Phylogenetic and molecular analysis of A/H1N1pdm influenza viruses isolated in the epidemic season 2012/2013 from hospitalised patients with -symptoms of influenza-like illness

Publication at Second Faculty of Medicine, Third Faculty of Medicine |
2014

Abstract

Aim: To perform phylogenetic and molecular analysis of A/H1N1pdm influenza viruses isolated in the epidemic season 2012/2013 from hospitalised patients with symptoms of influenza-like illness (ILI). Material and methods: The study set included 34 strains of the A/H1N1pdm influenza virus isolated in the Czech Republic in the epidemic season 2012/2013.

The strains were analysed by partial or whole-genome sequencing. The genome segments were compared at the nucleotide and amino acid levels, absolute and percentage sequence identity were determined, and phylogenetic relations were identified.

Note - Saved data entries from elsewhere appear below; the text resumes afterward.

(* Let $q\geqslant 3$ be a power of the prime $p$, let $r\in\mathbb{Z}_{\geqslant 1}$ and $\alpha\in\mathbb{F}_{q^r}$. If $\mathrm{Tr}_{\mathbb{F}_{q^r}/\mathbb{F}_q}(\alpha)\neq 0$, then, with $\beta=(\mathrm{Tr}_{\mathbb{F}_{q^r}/\mathbb{F}_q}(\alpha))^{p-1}$, there exist distinct $\gamma_1,\ldots,\gamma_{q/p}\in\mathbb{F}_{q^r}^{\times}$ such that $$T^q-T-\alpha=(T^p-\beta T-\gamma_1)(T^p-\beta T-\gamma_2)\cdots(T^p-\beta T-\gamma_{q/p})$$ in $\mathbb{F}_{q^r}[T]$. If $\mathrm{Tr}_{\mathbb{F}_{q^r}/\mathbb{F}_q}(\alpha)=0$, then $T^q-T-\alpha$ splits completely into linear factors in $\mathbb{F}_{q^r}[T]$.
   Context: $\mathrm{Tr}_{\mathbb{F}_{q^r}/\mathbb{F}_q}$ denotes the field trace, $T$ an indeterminate. *)

theory Defs
  imports "HOL-Computational_Algebra.Polynomial"
begin

text \<open>Field trace Tr_{F_{q^r}/F_q}: for a finite field of order q^r, the trace of
  alpha down to the subfield F_q = {x. x^q = x} is the sum of its Galois conjugates
  alpha^(q^i), i = 0..r-1.\<close>
definition fin_trace :: "nat \<Rightarrow> nat \<Rightarrow> 'a::field \<Rightarrow> 'a" where
  "fin_trace q r \<alpha> = (\<Sum>i<r. \<alpha> ^ (q ^ i))"

end

theory Submission
  imports Defs "HOL-Computational_Algebra.Primes"
begin

(*
  Let t = Tr(\<alpha>), so t ^ q = t. Put L = T ^ p - t ^ (p - 1) T, which is t ^ p (S ^ p - S) for
  S = T / t, and M = t Tr_{F_q/F_p}(T / t ^ p), with Tr_{F_q/F_p}(w) = w + w ^ p + ... + w ^ (q / p).
  Both composites telescope: M(L) = T ^ q - T as polynomials, and L(M(y)) = y ^ q - y on F_{q^r}.
  Hence T ^ q - T - \<alpha> is the product of the L - c over the roots c of M - \<alpha>, provided there
  are q / p of them in F_{q^r}. The additive map M has at most q / p zeros, and by the second
  identity its image consists of elements whose trace is a root of L, a set of at most
  p q ^ (r - 1) elements. As these bounds multiply to q ^ r, both are attained, so \<alpha>, whose
  trace t is a root of L, has exactly q / p preimages under M, all nonzero. If Tr(\<alpha>) = 0, the
  same count for the additive map x \<mapsto> x ^ q - x, whose image lies in the kernel of the trace,
  gives q roots of T ^ q - T - \<alpha>.
*)

(* The library's finite_field_power_card_eq_same needs the sort finite_field,
   which {field, finite} does not provide. *)
lemma field_power_card_eq_self:
  fixes x :: "'a::{field,finite}"
  shows "x ^ card (UNIV :: 'a set) = x"
proof (cases "x = 0")
  case False
  let ?U = "UNIV - {0::'a}"
  have "(\<Prod>y\<in>?U. x * y) = (\<Prod>y\<in>?U. y)"
    by (rule prod.reindex_bij_witness[of _ "\<lambda>y. y / x" "\<lambda>y. x * y"]) (use False in auto)
  moreover have "(\<Prod>y\<in>?U. x * y) = x ^ card ?U * \<Prod>?U"
    by (simp add: prod.distrib)
  moreover have "\<Prod>?U \<noteq> 0"
    by (subst prod_zero_iff) auto
  ultimately have "x ^ card ?U = 1"
    by (metis mult_cancel_right2)
  moreover have "card (UNIV :: 'a set) = Suc (card ?U)"
    using card_Suc_Diff1[of UNIV "0::'a"] by simp
  ultimately show ?thesis
    by (simp only: power_Suc mult_1_right)
qed (simp add: finite_UNIV_card_ge_0)

lemma of_nat_card_UNIV_eq_0: "of_nat (card (UNIV :: 'a::{ring_1,finite} set)) = (0 :: 'a)"
proof -
  have "(\<Sum>x\<in>UNIV. x + 1) = (\<Sum>x\<in>UNIV. x :: 'a)"
    by (rule sum.reindex_bij_witness[of _ "\<lambda>x. x - 1" "\<lambda>x. x + 1"]) auto
  then show ?thesis
    by (simp add: sum.distrib)
qed

lemma prime_CHAR_finite_field: "prime CHAR('a::{field,finite})"
  by (simp add: finite_imp_CHAR_pos prime_CHAR_semidom)

lemma CHAR_eq_if_card_eq_prime_power:
  assumes "prime p" and "card (UNIV :: 'a::{field,finite} set) = p ^ n" and "n > 0"
  shows "CHAR('a) = p"
proof -
  have "CHAR('a) dvd p ^ n"
    using of_nat_card_UNIV_eq_0[where 'a = 'a] assms(2) of_nat_eq_0_iff_char_dvd by metis
  then show ?thesis
    using assms(1) prime_CHAR_finite_field prime_dvd_power primes_dvd_imp_eq by blast
qed

lemma freshmans_dream_diff:
  fixes x y :: "'a::comm_ring_1"
  assumes "prime CHAR('a)" and "m = CHAR('a) ^ n"
  shows "(x - y) ^ m = x ^ m - y ^ m"
  using freshmans_dream'[OF assms, where x = "x - y" and y = y] by simp

lemma fin_trace_add:
  fixes x y :: "'a::field"
  assumes "prime CHAR('a)" and "q = CHAR('a) ^ n"
  shows "fin_trace q r (x + y) = fin_trace q r x + fin_trace q r y"
proof -
  have "(x + y) ^ (q ^ i) = x ^ (q ^ i) + y ^ (q ^ i)" for i
    by (rule freshmans_dream'[OF assms(1), where n = "n * i"]) (simp add: assms(2) power_mult)
  then show ?thesis
    by (simp add: fin_trace_def sum.distrib)
qed

lemma fin_trace_diff:
  fixes x y :: "'a::field"
  assumes "prime CHAR('a)" and "q = CHAR('a) ^ n"
  shows "fin_trace q r (x - y) = fin_trace q r x - fin_trace q r y"
  using fin_trace_add[OF assms, where x = "x - y" and y = y] by simp

lemma fin_trace_power:
  fixes x :: "'a::field"
  assumes "prime CHAR('a)" and "m = CHAR('a) ^ n"
  shows "fin_trace q r (x ^ m) = fin_trace q r x ^ m"
  by (simp add: fin_trace_def freshmans_dream_sum'[OF assms] flip: power_mult)
     (simp add: mult.commute)

lemma sum_frobenius_telescope:
  fixes x :: "'a::comm_ring_1"
  assumes "prime CHAR('a)" and "q = CHAR('a) ^ n"
  shows "(\<Sum>i<r. (x ^ q - x) ^ (q ^ i)) = x ^ (q ^ r) - x"
proof -
  have "(x ^ q - x) ^ (q ^ i) = x ^ (q ^ Suc i) - x ^ (q ^ i)" for i
    by (subst freshmans_dream_diff[OF assms(1), where n = "n * i"])
       (simp_all add: assms(2) power_mult flip: power_Suc2)
  then have "(\<Sum>i<r. (x ^ q - x) ^ (q ^ i)) = (\<Sum>i<r. x ^ (q ^ Suc i) - x ^ (q ^ i))"
    by (simp only:)
  also have "\<dots> = x ^ (q ^ r) - x"
    using sum_lessThan_telescope[where f = "\<lambda>i. x ^ (q ^ i)"] by simp
  finally show ?thesis .
qed

lemma fin_trace_frobenius_diff:
  fixes x :: "'a::field"
  assumes "prime CHAR('a)" and "q = CHAR('a) ^ n"
  shows "fin_trace q r (x ^ q - x) = x ^ (q ^ r) - x"
  unfolding fin_trace_def by (rule sum_frobenius_telescope[OF assms])

lemma fin_trace_power_minus_self:
  fixes x :: "'a::field"
  assumes "prime CHAR('a)" and "q = CHAR('a) ^ n"
  shows "fin_trace q r x ^ q - fin_trace q r x = x ^ (q ^ r) - x"
  using fin_trace_frobenius_diff[OF assms]
  by (simp add: fin_trace_diff[OF assms] fin_trace_power[OF assms])

lemma fin_trace_commute:
  fixes g :: "'a::field \<Rightarrow> 'a"
  assumes add: "\<And>x y. g (x + y) = g x + g y" and frob: "\<And>x. g (x ^ q) = g x ^ q"
  shows "fin_trace q r (g x) = g (fin_trace q r x)"
proof -
  have "g 0 = 0"
    by (metis add.right_neutral add[of 0 0] add_left_cancel)
  have "g (x ^ (q ^ i)) = g x ^ (q ^ i)" for i
  proof (induction i)
    case (Suc i)
    have "g (x ^ (q ^ Suc i)) = g ((x ^ (q ^ i)) ^ q)"
      by (simp only: power_Suc2 power_mult)
    also have "\<dots> = g x ^ (q ^ Suc i)"
      by (simp only: frob Suc.IH power_Suc2 power_mult)
    finally show ?case .
  qed simp
  then show ?thesis
    unfolding fin_trace_def sum_comp_morphism[of g, OF \<open>g 0 = 0\<close> add, symmetric] comp_def
    by simp
qed

definition trace_poly :: "nat \<Rightarrow> nat \<Rightarrow> 'a::comm_semiring_1 poly" where
  "trace_poly q r = (\<Sum>i<r. monom 1 (q ^ i))"

lemma poly_trace_poly: "poly (trace_poly q r) x = fin_trace q r x"
  by (simp add: trace_poly_def fin_trace_def poly_sum poly_monom)

lemma pcompose_monom: "pcompose (monom c n) p = smult c (p ^ n)"
  by (induction n)
     (simp_all add: monom_altdef pcompose_smult pcompose_mult pcompose_pCons pcompose_1)

lemma pcompose_trace_poly: "pcompose (trace_poly q r) p = (\<Sum>i<r. p ^ (q ^ i))"
  by (simp add: trace_poly_def pcompose_sum pcompose_monom)

lemma
  assumes "q \<ge> 2" and "r > 0"
  shows degree_trace_poly: "degree (trace_poly q r :: 'a::comm_semiring_1 poly) = q ^ (r - 1)"
    and lead_coeff_trace_poly: "lead_coeff (trace_poly q r :: 'a poly) = 1"
proof -
  obtain m where r: "r = Suc m"
    using assms(2) gr0_implies_Suc by blast
  have "degree (trace_poly q m :: 'a poly) \<le> q ^ m - 1"
    unfolding trace_poly_def using assms(1)
    by (intro degree_sum_le)
       (auto intro!: order.trans[OF degree_monom_le] Nat.le_diff_conv2[THEN iffD2]
         simp: Suc_le_eq power_strict_increasing)
  then have less: "degree (trace_poly q m :: 'a poly) < degree (monom (1::'a) (q ^ m))"
    using assms(1) by (simp add: degree_monom_eq le_less_trans[OF _ diff_less])
  have split: "trace_poly q r = trace_poly q m + monom (1::'a) (q ^ m)"
    by (simp add: trace_poly_def r)
  show "degree (trace_poly q r :: 'a poly) = q ^ (r - 1)"
    using less unfolding split by (simp add: degree_add_eq_right degree_monom_eq r)
  show "lead_coeff (trace_poly q r :: 'a poly) = 1"
    using lead_coeff_add_le[OF less] unfolding split by (simp only: lead_coeff_monom)
qed

lemma card_fin_trace_zero_le:
  assumes "q \<ge> 2" and "r > 0"
  shows "card {x :: 'a::field. fin_trace q r x = 0} \<le> q ^ (r - 1)"
proof -
  have "trace_poly q r \<noteq> (0 :: 'a poly)"
    using lead_coeff_trace_poly[OF assms, where 'a = 'a] by auto
  then show ?thesis
    using card_poly_roots_bound[of "trace_poly q r :: 'a poly"]
    by (simp add: poly_trace_poly degree_trace_poly[OF assms])
qed

lemma card_fiber_additive:
  fixes f :: "'a::ab_group_add \<Rightarrow> 'b::ab_group_add"
  assumes add: "\<And>x y. f (x + y) = f x + f y" and "y \<in> range f"
  shows "card {x. f x = y} = card {x. f x = 0}"
proof -
  obtain x0 where y: "y = f x0"
    using assms(2) by blast
  have diff: "f (x - x0) = f x - y" for x
    using add[of "x - x0" x0] y by (simp add: algebra_simps)
  have "{x. f x = y} = (\<lambda>z. z + x0) ` {x. f x = 0}"
  proof (intro set_eqI iffI)
    fix x
    assume "x \<in> {x. f x = y}"
    then show "x \<in> (\<lambda>z. z + x0) ` {x. f x = 0}"
      using diff[of x] by (intro image_eqI[of _ _ "x - x0"]) auto
  qed (auto simp: add y)
  then show ?thesis
    by (simp add: card_image)
qed

lemma card_preimage_eq_sum_fibers:
  fixes f :: "'a::finite \<Rightarrow> 'b"
  assumes "finite B"
  shows "card {x. f x \<in> B} = (\<Sum>y\<in>B. card {x. f x = y})"
proof -
  have "{x. f x \<in> B} = (\<Union>y\<in>B. {x. f x = y})"
    by auto
  also have "card \<dots> = (\<Sum>y\<in>B. card {x. f x = y})"
    by (rule card_UN_disjoint) (use assms in auto)
  finally show ?thesis .
qed

lemma card_preimage_additive_le:
  fixes f :: "'a::{ab_group_add,finite} \<Rightarrow> 'b::ab_group_add"
  assumes add: "\<And>x y. f (x + y) = f x + f y" and "finite B"
  shows "card {x. f x \<in> B} \<le> card B * card {x. f x = 0}"
proof -
  have "card {x. f x = y} \<le> card {x. f x = 0}" for y
  proof (cases "y \<in> range f")
    case False
    then have "{x. f x = y} = {}"
      by auto
    then show ?thesis
      by simp
  qed (simp add: card_fiber_additive[where f = f, OF add])
  then have "(\<Sum>y\<in>B. card {x. f x = y}) \<le> card B * card {x. f x = 0}"
    using sum_bounded_above[of B "\<lambda>y. card {x. f x = y}"] by simp
  then show ?thesis
    by (simp add: card_preimage_eq_sum_fibers[OF assms(2)])
qed

lemma card_fiber_additive_eq:
  fixes f :: "'a::{ab_group_add,finite} \<Rightarrow> 'b::ab_group_add"
  assumes add: "\<And>x y. f (x + y) = f x + f y"
    and "range f \<subseteq> B" "finite B" "card B \<le> m" "card {x. f x = 0} \<le> n"
    and "card (UNIV :: 'a set) = m * n" and "y \<in> B"
  shows "card {x. f x = y} = n"
proof -
  let ?K = "card {x. f x = 0}"
  have "card (UNIV :: 'a set) = card {x. f x \<in> range f}"
    by simp
  also have "\<dots> = (\<Sum>y\<in>range f. card {x. f x = y})"
    by (rule card_preimage_eq_sum_fibers) simp
  also have "\<dots> = card (range f) * ?K"
    by (simp add: card_fiber_additive[where f = f, OF add])
  finally have order: "card (range f) * ?K = m * n"
    using assms(6) by simp
  have range_le: "card (range f) \<le> m"
    using card_mono[OF assms(3,2)] assms(4) by simp
  have "m > 0" "n > 0"
    using order finite_UNIV_card_ge_0[where 'a = 'a] assms(6) by auto
  have "card (range f) * ?K \<le> card (range f) * n" "card (range f) * n \<le> m * n"
    using assms(5) range_le by simp_all
  then have "card (range f) = m" "?K = n"
    using order \<open>m > 0\<close> \<open>n > 0\<close> by auto
  then have "range f = B"
    using card_subset_eq[OF assms(3,2)] assms(4) card_mono[OF assms(3,2)] by simp
  then show ?thesis
    using card_fiber_additive[where f = f, OF add, of y] assms(7) \<open>?K = n\<close> by simp
qed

The last steps were the comparison of the H1 molecule with that of the most recent vaccine strain and identification of the genotypic structure and molecular markers linked to the pathogenicity and antiviral resistance. Results: Phylogenetic analysis of the H1 molecule suggested that all 34 A/H1N1pdm isolates from the 2012/2013 season in the Czech Republic should be assigned to H1 group 6 divided into sublineages 6A and 6B.

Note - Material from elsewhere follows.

(* Let $S$ be a semigroup of skew type with generating set $X=\{x_1,\ldots,x_n\}$, and assume $S$ satisfies the cyclic condition (C). Then $S$ satisfies the full cyclic condition (FC): for any $x,y\in X$ there exist sequences $x=z_1,z_2,\ldots,z_k$ and $y=y_1,y_2,\ldots,y_p$ of elements of $X$ such that, in $S$, $$y_j z_i = z_{i+1}\, y_{j+1}\quad\text{for all } 1\le i\le k,\ 1\le j\le p,$$ where indices of the $z$'s are read modulo $k$ (so $z_{k+1}=z_1$) and indices of the $y$'s modulo $p$ (so $y_{p+1}=y_1$).
   Context: A semigroup of skew type is a monoid $S$ with a monoid presentation $S=\langle x_1,\ldots,x_n \mid x_ix_j=x_kx_l\rangle$ consisting of $\binom{n}{2}$ relations, each of the form $x_ix_j=x_kx_l$ with $i\neq j$, $k\neq l$, such that every word $x_px_q$ with $p\neq q$ appears (as one side) in exactly one of the relations. We write $X=\{x_1,\ldots,x_n\}$ and use the same symbols for the generators in $S$. $S$ satisfies the cyclic condition (C) if for every pair $x,y\in X$ there exist elements $x=z_1,z_2,\ldots,z_k$ and $y'$ in $X$ such that in $S$: $yz_1=z_2y'$, $yz_2=z_3y'$, $\ldots$, $yz_{k-1}=z_ky'$, $yz_k=xy'$. *)

theory Defs
  imports Main
begin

The comparison of the known antigenic regions of the H1 molecule with those in the most recent vaccine strain revealed two stable changes in antigenic regions Sb and Ca1. Furthermore, sporadic mutations were identified in antigenic regions Ca2, Cb, and Sb.

Genotyping revealed co-circulation of two related but clearly distiguishable genotypes of A/H1N1pdm. All isolates showed sensitivity to oseltamivir.

One strain consisted of two N1 sub-populations, one oseltamivir sensitive and the other oseltamivir resistant, in nearly equimolar proportions. Conclusion: All A/H1N1pdm isolates from the epidemic season 2012/2013 in the Czech Republic formed a phenotypically uniform group.

At the nucleotide level, the divergence was relatively more pronounced and H1 sublineages and discrete genotypes were possible to identify.